Transcribe only the lines of the listing below from the one holding "g a \<le> k" through the one holding "using trivial_limit_within[of x", inclusive, without any change.

· · · · ·

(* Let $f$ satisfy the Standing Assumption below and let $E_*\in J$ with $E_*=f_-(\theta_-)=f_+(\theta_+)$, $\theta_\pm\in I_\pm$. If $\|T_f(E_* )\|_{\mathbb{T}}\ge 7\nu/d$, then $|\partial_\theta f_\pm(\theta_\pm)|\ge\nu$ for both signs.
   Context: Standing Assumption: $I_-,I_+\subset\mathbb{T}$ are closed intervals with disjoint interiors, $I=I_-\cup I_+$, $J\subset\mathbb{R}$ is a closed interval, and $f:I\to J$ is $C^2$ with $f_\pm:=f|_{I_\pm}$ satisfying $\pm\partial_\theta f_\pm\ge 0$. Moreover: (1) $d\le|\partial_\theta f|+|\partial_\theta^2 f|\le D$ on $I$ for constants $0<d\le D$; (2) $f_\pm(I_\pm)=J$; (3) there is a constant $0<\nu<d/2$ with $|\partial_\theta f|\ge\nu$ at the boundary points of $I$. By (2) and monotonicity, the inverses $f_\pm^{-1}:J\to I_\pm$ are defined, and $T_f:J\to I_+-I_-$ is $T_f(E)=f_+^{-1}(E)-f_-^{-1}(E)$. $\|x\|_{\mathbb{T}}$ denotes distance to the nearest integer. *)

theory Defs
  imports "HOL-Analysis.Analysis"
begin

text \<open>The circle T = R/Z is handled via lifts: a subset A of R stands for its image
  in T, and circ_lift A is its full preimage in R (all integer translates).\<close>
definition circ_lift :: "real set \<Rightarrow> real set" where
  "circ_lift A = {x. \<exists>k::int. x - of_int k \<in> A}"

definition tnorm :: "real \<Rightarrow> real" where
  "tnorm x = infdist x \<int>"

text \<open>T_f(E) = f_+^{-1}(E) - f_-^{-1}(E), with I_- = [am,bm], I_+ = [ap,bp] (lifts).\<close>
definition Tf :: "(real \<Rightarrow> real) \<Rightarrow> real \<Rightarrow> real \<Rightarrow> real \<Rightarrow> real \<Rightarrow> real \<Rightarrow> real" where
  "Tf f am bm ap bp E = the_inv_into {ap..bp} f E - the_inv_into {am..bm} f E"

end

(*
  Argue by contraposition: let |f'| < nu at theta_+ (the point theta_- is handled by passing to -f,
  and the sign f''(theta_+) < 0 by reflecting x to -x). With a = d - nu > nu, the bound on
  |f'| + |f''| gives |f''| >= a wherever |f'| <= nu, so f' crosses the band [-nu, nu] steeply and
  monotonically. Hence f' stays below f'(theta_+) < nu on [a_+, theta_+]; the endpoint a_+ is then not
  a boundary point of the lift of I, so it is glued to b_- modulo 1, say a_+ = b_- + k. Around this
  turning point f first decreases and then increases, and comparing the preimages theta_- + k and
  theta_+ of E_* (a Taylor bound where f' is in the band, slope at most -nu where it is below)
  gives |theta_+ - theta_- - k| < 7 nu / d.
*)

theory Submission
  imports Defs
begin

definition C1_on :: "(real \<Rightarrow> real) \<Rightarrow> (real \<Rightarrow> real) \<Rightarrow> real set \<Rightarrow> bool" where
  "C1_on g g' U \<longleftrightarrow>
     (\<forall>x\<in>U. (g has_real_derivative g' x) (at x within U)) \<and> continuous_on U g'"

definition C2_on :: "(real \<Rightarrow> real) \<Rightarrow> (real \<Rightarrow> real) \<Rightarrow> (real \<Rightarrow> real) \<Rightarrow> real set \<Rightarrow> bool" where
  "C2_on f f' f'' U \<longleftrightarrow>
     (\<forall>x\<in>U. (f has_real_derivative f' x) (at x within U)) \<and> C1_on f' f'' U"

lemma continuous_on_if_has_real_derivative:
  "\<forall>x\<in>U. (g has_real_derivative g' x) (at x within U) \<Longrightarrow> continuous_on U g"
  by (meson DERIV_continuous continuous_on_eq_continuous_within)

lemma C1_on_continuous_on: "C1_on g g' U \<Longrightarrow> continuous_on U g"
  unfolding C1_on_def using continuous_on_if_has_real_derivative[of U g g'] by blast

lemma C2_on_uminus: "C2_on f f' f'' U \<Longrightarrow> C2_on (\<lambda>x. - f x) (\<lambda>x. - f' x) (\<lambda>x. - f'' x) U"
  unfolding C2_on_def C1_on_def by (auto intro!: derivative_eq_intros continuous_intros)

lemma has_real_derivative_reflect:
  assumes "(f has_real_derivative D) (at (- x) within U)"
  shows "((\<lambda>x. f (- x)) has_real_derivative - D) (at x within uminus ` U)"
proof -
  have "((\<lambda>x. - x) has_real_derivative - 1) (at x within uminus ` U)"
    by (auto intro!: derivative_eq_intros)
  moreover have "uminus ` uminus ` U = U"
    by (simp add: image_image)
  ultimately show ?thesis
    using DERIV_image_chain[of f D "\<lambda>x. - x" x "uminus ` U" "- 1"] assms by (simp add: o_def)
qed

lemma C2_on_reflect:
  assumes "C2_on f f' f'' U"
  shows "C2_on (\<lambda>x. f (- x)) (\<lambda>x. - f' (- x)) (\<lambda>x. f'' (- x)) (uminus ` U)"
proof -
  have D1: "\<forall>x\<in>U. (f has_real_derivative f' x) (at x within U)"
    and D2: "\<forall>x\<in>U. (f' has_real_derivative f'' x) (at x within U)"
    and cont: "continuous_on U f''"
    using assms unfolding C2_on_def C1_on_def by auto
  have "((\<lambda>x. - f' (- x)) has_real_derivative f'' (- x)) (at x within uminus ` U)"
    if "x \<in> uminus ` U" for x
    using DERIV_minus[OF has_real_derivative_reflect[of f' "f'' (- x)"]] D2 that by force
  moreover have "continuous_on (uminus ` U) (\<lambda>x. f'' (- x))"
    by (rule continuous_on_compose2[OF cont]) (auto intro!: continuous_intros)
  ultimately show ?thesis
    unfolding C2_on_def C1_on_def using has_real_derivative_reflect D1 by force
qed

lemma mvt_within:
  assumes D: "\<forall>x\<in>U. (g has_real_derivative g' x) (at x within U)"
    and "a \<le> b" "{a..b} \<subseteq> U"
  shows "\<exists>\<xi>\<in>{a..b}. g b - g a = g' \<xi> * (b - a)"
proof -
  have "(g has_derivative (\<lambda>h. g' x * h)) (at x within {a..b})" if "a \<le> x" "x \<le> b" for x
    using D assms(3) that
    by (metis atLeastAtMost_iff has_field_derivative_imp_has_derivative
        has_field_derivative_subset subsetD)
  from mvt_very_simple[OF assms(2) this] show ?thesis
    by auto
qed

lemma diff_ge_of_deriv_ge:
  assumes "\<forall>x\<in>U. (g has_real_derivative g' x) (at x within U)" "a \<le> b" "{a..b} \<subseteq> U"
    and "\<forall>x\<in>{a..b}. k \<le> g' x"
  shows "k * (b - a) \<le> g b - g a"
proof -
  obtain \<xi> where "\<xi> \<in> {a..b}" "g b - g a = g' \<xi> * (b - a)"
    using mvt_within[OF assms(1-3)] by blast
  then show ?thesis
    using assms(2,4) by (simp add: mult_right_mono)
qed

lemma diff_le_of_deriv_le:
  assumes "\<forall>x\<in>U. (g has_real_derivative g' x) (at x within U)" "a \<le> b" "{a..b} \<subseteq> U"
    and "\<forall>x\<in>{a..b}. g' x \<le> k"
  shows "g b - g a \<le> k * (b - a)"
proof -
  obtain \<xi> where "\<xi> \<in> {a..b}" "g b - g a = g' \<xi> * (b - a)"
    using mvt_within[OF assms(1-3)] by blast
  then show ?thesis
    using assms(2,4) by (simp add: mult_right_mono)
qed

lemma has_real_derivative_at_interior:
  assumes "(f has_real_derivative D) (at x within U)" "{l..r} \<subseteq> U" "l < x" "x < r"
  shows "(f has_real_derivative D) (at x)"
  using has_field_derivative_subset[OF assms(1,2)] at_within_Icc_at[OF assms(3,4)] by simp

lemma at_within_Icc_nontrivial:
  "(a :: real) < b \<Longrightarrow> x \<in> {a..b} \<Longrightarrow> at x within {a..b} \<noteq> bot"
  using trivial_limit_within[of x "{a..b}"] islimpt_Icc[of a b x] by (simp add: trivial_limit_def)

· · · · ·

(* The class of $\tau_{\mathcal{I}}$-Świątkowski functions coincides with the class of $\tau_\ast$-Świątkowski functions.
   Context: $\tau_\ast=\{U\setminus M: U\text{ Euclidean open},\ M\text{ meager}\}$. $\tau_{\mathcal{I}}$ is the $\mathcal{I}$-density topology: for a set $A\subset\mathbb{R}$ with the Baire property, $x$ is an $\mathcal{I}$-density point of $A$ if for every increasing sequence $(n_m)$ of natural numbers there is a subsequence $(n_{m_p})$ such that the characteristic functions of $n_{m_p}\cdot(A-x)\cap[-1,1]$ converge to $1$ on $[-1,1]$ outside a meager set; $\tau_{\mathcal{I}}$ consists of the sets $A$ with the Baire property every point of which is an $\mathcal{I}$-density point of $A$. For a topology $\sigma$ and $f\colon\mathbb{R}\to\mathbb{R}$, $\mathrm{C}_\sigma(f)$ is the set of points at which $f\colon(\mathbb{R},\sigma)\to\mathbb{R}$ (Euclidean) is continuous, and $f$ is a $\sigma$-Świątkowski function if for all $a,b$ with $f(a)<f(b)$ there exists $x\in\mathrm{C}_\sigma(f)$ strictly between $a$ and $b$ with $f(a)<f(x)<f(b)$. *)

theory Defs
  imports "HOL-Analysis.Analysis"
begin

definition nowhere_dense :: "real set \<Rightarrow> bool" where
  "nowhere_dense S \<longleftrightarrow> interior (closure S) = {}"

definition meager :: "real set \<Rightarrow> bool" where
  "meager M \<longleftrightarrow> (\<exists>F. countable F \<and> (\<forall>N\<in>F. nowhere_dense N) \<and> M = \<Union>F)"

· · · · ·

RESULT FOR THIS TASK —
  shows "g b - g a \<le> k * (b - a)"
proof -
  obtain \<xi> where "\<xi> \<in> {a..b}" "g b - g a = g' \<xi> * (b - a)"
    using mvt_within[OF assms(1-3)] by blast
  then show ?thesis
    using assms(2,4) by (simp add: mult_right_mono)
qed

lemma has_real_derivative_at_interior:
  assumes "(f has_real_derivative D) (at x within U)" "{l..r} \<subseteq> U" "l < x" "x < r"
  shows "(f has_real_derivative D) (at x)"
  using has_field_derivative_subset[OF assms(1,2)] at_within_Icc_at[OF assms(3,4)] by simp

lemma at_within_Icc_nontrivial:
  "(a :: real) < b \<Longrightarrow> x \<in> {a..b} \<Longrightarrow> at x within {a..b} \<noteq> bot"
  using trivial_limit_within[of x "{a..b}"] islimpt_Icc[of a b x] by (simp add: trivial_limit_def)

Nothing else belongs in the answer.